lemma banach_density_zero_subset:
  assumes "banach_density_zero A" "B \<subseteq> A"
  shows "banach_density_zero B"
  unfolding banach_density_zero_def
proof (intro allI impI)
  fix e :: real assume "0 < e"
  then obtain N where N: "\<And>a b. N \<le> card {a..b} \<Longrightarrow> real (card (A \<inter> {a..b})) \<le> e * card {a..b}"
    using assms(1) unfolding banach_density_zero_def by blast
  have "card (B \<inter> {a..b}) \<le> card (A \<inter> {a..b})" for a b
    using assms(2) by (intro card_mono) auto
  then show "\<exists>N. \<forall>a b. N \<le> card {a..b} \<longrightarrow> real (card (B \<inter> {a..b})) \<le> e * card {a..b}"
    using N by (meson of_nat_le_iff order_trans)
qed

lemma banach_density_zero_Un:
  assumes "banach_density_zero A" "banach_density_zero B"
  shows "banach_density_zero (A \<union> B)"
  unfolding banach_density_zero_def
proof (intro allI impI)
  fix e :: real assume "0 < e"
  then obtain NA NB where
    NA: "\<And>a b. NA \<le> card {a..b} \<Longrightarrow> real (card (A \<inter> {a..b})) \<le> e / 2 * card {a..b}" and
    NB: "\<And>a b. NB \<le> card {a..b} \<Longrightarrow> real (card (B \<inter> {a..b})) \<le> e / 2 * card {a..b}"
    using assms unfolding banach_density_zero_def by (meson half_gt_zero)
  have "real (card ((A \<union> B) \<inter> {a..b})) \<le> e * card {a..b}" if "max NA NB \<le> card {a..b}" for a b
  proof -
    have "card ((A \<union> B) \<inter> {a..b}) \<le> card (A \<inter> {a..b}) + card (B \<inter> {a..b})"
      by (metis Int_Un_distrib2 card_Un_le)
    then show ?thesis
      using NA[of a b] NB[of a b] that by simp
  qed
  then show "\<exists>N. \<forall>a b. N \<le> card {a..b} \<longrightarrow> real (card ((A \<union> B) \<inter> {a..b})) \<le> e * card {a..b}"
    by blast
qed

lemma banach_density_zero_UN:
  assumes "finite I" "\<And>i. i \<in> I \<Longrightarrow> banach_density_zero (A i)"
  shows "banach_density_zero (\<Union>i\<in>I. A i)"
  using assms
proof (induction I rule: finite_induct)
  case empty
  then show ?case
    by (simp add: banach_density_zero_def)
next
  case (insert i I)
  then show ?case
    by (simp add: banach_density_zero_Un)
qed

lemma banach_density_zero_shift:
  assumes "banach_density_zero A"
  shows "banach_density_zero {n. n + i \<in> A}"
  unfolding banach_density_zero_def
proof (intro allI impI)
  fix e :: real assume "0 < e"
  then obtain N where N: "\<And>a b. N \<le> card {a..b} \<Longrightarrow> real (card (A \<inter> {a..b})) \<le> e * card {a..b}"
    using assms unfolding banach_density_zero_def by blast
  have "card ({n. n + i \<in> A} \<inter> {a..b}) = card (A \<inter> {a + i..b + i})" for a b
  proof (rule bij_betw_same_card)
    show "bij_betw (\<lambda>n. n + i) ({n. n + i \<in> A} \<inter> {a..b}) (A \<inter> {a + i..b + i})"
      by (rule bij_betw_byWitness[where f' = "\<lambda>n. n - i"]) auto
  qed
  moreover have "card {a + i..b + i} = card {a..b}" for a b
    by simp
  ultimately show "\<exists>N. \<forall>a b. N \<le> card {a..b} \<longrightarrow> real (card ({n. n + i \<in> A} \<inter> {a..b})) \<le> e * card {a..b}"
    using N by metis
qed

lemma banach_density_one_if_compl_zero:
  assumes "banach_density_zero (- F)"
  shows "banach_density_one F"
  unfolding banach_density_one_def
proof (intro allI impI)
  fix l :: real assume "l < 1"
  then obtain N where N: "\<And>a b. N \<le> card {a..b} \<Longrightarrow> real (card (- F \<inter> {a..b})) \<le> (1 - l) * card {a..b}"
    using assms unfolding banach_density_zero_def by (meson diff_gt_0_iff_gt)
  have "l * card {a..b} \<le> real (card (F \<inter> {a..b}))" if "N \<le> card {a..b}" for a b
  proof -
    have "card (F \<inter> {a..b}) + card (- F \<inter> {a..b}) = card (F \<inter> {a..b} \<union> - F \<inter> {a..b})"
      by (rule card_Un_disjoint[symmetric]) auto
    also have "F \<inter> {a..b} \<union> - F \<inter> {a..b} = {a..b}"
      by blast
    finally show ?thesis
      using N[OF that] by (simp add: algebra_simps flip: of_nat_add)
  qed
  then show "\<exists>N\<ge>1. \<forall>a b. a \<le> b \<longrightarrow> N \<le> card {a..b} \<longrightarrow> l * card {a..b} \<le> real (card (F \<inter> {a..b}))"
    by (meson max.cobounded2 max.boundedE)
qed

lemma card_shifted_cantor_support:
  "card ({n. m + int n \<in> cantor_support} \<inter> {a..b}) \<le> (card {a..b} div 3 ^ s + 1) * 2 ^ s"
proof -
  have "(\<lambda>n. m + int n) ` ({n. m + int n \<in> cantor_support} \<inter> {a..b})
      \<subseteq> cantor_support \<inter> {m + int a..<m + int a + int (card {a..b})}"
    by auto
  then have "card ({n. m + int n \<in> cantor_support} \<inter> {a..b})
      \<le> card (cantor_support \<inter> {m + int a..<m + int a + int (card {a..b})})"
    by (intro card_inj_on_le inj_onI) auto
  also have "\<dots> \<le> (card {a..b} div 3 ^ s + 1) * 2 ^ s"
    by (rule card_cantor_support_window)
  finally show ?thesis .
qed

lemma banach_density_zero_cantor_support:
  "banach_density_zero {n. m + int n \<in> cantor_support}"
  unfolding banach_density_zero_def
proof (intro allI impI)
  fix e :: real assume e: "0 < e"
  obtain s where s: "(2/3) ^ s < e / 2"
    using real_arch_pow_inv[of "e / 2" "2/3"] e by auto
  define N where "N = nat \<lceil>2 * 2 ^ s / e\<rceil>"
  have "real (card ({n. m + int n \<in> cantor_support} \<inter> {a..b})) \<le> e * card {a..b}"
    if N: "N \<le> card {a..b}" for a b
  proof -
    define L where "L = card {a..b}"
    have "real (card ({n. m + int n \<in> cantor_support} \<inter> {a..b})) \<le> (real (L div 3 ^ s) + 1) * 2 ^ s"
      using card_shifted_cantor_support[of m a b s] unfolding L_def
      by (metis of_nat_1 of_nat_add of_nat_le_iff of_nat_mult of_nat_numeral of_nat_power)
    also have "\<dots> \<le> (real L / 3 ^ s + 1) * 2 ^ s"
      using of_nat_div_le_of_nat[of L "3 ^ s"] by (intro mult_right_mono add_right_mono) simp_all
    also have "\<dots> = (2/3) ^ s * L + 2 ^ s"
      by (simp add: power_divide field_simps)
    also have "\<dots> \<le> e / 2 * L + e / 2 * L"
    proof (rule add_mono)
      show "(2/3) ^ s * real L \<le> e / 2 * L"
        using s by (intro mult_right_mono) auto
      have "2 * 2 ^ s / e \<le> real L"
        using N unfolding L_def N_def by linarith
      then show "(2::real) ^ s \<le> e / 2 * L"
        using e by (simp add: field_simps)
    qed
    finally show ?thesis
      by (simp add: L_def)
  qed
  then show "\<exists>N. \<forall>a b. N \<le> card {a..b} \<longrightarrow>
      real (card ({n. m + int n \<in> cantor_support} \<inter> {a..b})) \<le> e * card {a..b}"
    by blast
qed

section \<open>Limits of local patterns\<close>

lemma cantor_weight_mult_add:
  "cantor_weight (3 ^ p * v + t) = cantor_weight (v + t div 3 ^ p) * cantor_weight (t mod 3 ^ p)"
proof -
  have "3 ^ p * v + t = 3 ^ p * (v + t div 3 ^ p) + t mod 3 ^ p"
    by (simp add: algebra_simps)
  then show ?thesis
    by (simp add: cantor_weight_mult)
qed

lemma cantor_weight_add_small:
  assumes "0 \<le> w" "\<bar>d\<bar> < 3 ^ b"
  shows "cantor_weight (3 ^ b * (3 * w + 2) + d) = cantor_weight (3 ^ b * (3 * w + 2)) * cantor_weight d"
proof (cases "0 \<le> d")
  case True
  then show ?thesis
    using assms by (simp add: cantor_weight_mult_add cantor_weight_pow3_mult)
next
  case False
  have "cantor_weight (3 ^ b * (3 * w + 2) + d) = cantor_weight (3 ^ b * (3 * w + 1) + (3 ^ b + d))"
    by (rule arg_cong[where f = cantor_weight]) (simp add: algebra_simps)
  also have "\<dots> = 0"
    using False assms(2) by (simp only: cantor_weight_mult cantor_weight_3_mult_plus_1)
  finally have "cantor_weight (3 ^ b * (3 * w + 2) + d) = 0" .
  then show ?thesis
    using False by (simp add: cantor_weight_neg)
qed

lemma cantor_weight_append_digit:
  "cantor_weight (3 ^ Suc b * v + 2 * 3 ^ b) = cantor_weight v / 2"
  using cantor_weight_mult[of "2 * 3 ^ b" "Suc b" v] by (simp add: cantor_weight_2_mult_pow3)

text \<open>The bound \<open>cantor_weight (\<sigma> j) \<le> cantor_weight L\<close> makes the scale factor of a limit of
  scaled patterns a power of \<open>1/2\<close> again.\<close>

definition pattern_limit :: "(nat \<Rightarrow> int) \<Rightarrow> int \<Rightarrow> bool" where
  "pattern_limit \<sigma> L \<longleftrightarrow> 0 < cantor_weight L \<and>
     (\<forall>\<^sub>F j in sequentially. cantor_weight (\<sigma> j) \<le> cantor_weight L) \<and>
     (\<forall>d. \<forall>\<^sub>F j in sequentially.
        cantor_weight (\<sigma> j + d) / cantor_weight (\<sigma> j) = cantor_weight (L + d) / cantor_weight L)"

lemma pattern_limit_const:
  assumes "\<forall>\<^sub>F j in sequentially. \<sigma> j = c" "\<forall>\<^sub>F j in sequentially. 0 < cantor_weight (\<sigma> j)"
  shows "pattern_limit \<sigma> c"
proof -
  have "\<forall>\<^sub>F j in sequentially. 0 < cantor_weight c"
    using assms by eventually_elim simp
  then have "0 < cantor_weight c"
    by (simp add: eventually_const_iff)
  with assms(1) show ?thesis
    unfolding pattern_limit_def by (auto elim: eventually_mono)
qed

lemma pattern_limit_deep:
  assumes dec: "\<forall>\<^sub>F j in sequentially. 0 < cantor_weight (\<sigma> j) \<and> 0 \<le> w j \<and> \<sigma> j = 3 ^ b j * (3 * w j + 2)"
    and b: "filterlim b at_top sequentially"
  shows "pattern_limit \<sigma> 0"
  unfolding pattern_limit_def
proof (intro conjI allI)
  fix d :: int
  have "\<forall>\<^sub>F j in sequentially. nat \<bar>d\<bar> \<le> b j"
    using b by (simp add: filterlim_at_top)
  then show "\<forall>\<^sub>F j in sequentially.
      cantor_weight (\<sigma> j + d) / cantor_weight (\<sigma> j) = cantor_weight (0 + d) / cantor_weight 0"
    using dec
  proof eventually_elim
    case (elim j)
    then have pos: "0 < cantor_weight (\<sigma> j)" and \<sigma>: "\<sigma> j = 3 ^ b j * (3 * w j + 2)"
      and w: "0 \<le> w j" and b: "nat \<bar>d\<bar> \<le> b j"
      by auto
    have "nat \<bar>d\<bar> < 3 ^ nat \<bar>d\<bar>"
      using less_exp[of "nat \<bar>d\<bar>"] power_mono[of "2::nat" 3 "nat \<bar>d\<bar>"] by linarith
    then have "int (nat \<bar>d\<bar>) < int (3 ^ nat \<bar>d\<bar>)"
      by (simp only: of_nat_less_iff)
    then have "\<bar>d\<bar> < 3 ^ nat \<bar>d\<bar>"
      by simp
    also have "\<dots> \<le> 3 ^ b j"
      using b by (intro power_increasing) auto
    finally have "cantor_weight (\<sigma> j + d) = cantor_weight (\<sigma> j) * cantor_weight d"
      unfolding \<sigma> using cantor_weight_add_small[OF w] by blast
    then show ?case
      using pos by simp
  qed
qed (simp_all add: cantor_weight_le_1)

·····

*Prompt:*
The answer should consist solely of the lines from the first line above through the one with "using assms(1) unfolding", both included, repeated exactly.

*Exercise output:*
lemma banach_density_zero_subset:
  assumes "banach_density_zero A" "B \<subseteq> A"
  shows "banach_density_zero B"
  unfolding banach_density_zero_def
proof (intro allI impI)
  fix e :: real assume "0 < e"
  then obtain N where N: "\<And>a b. N \<le> card {a..b} \<Longrightarrow> real (card (A \<inter> {a..b})) \<le> e * card {a..b}"
    using assms(1) unfolding banach_density_zero_def by blast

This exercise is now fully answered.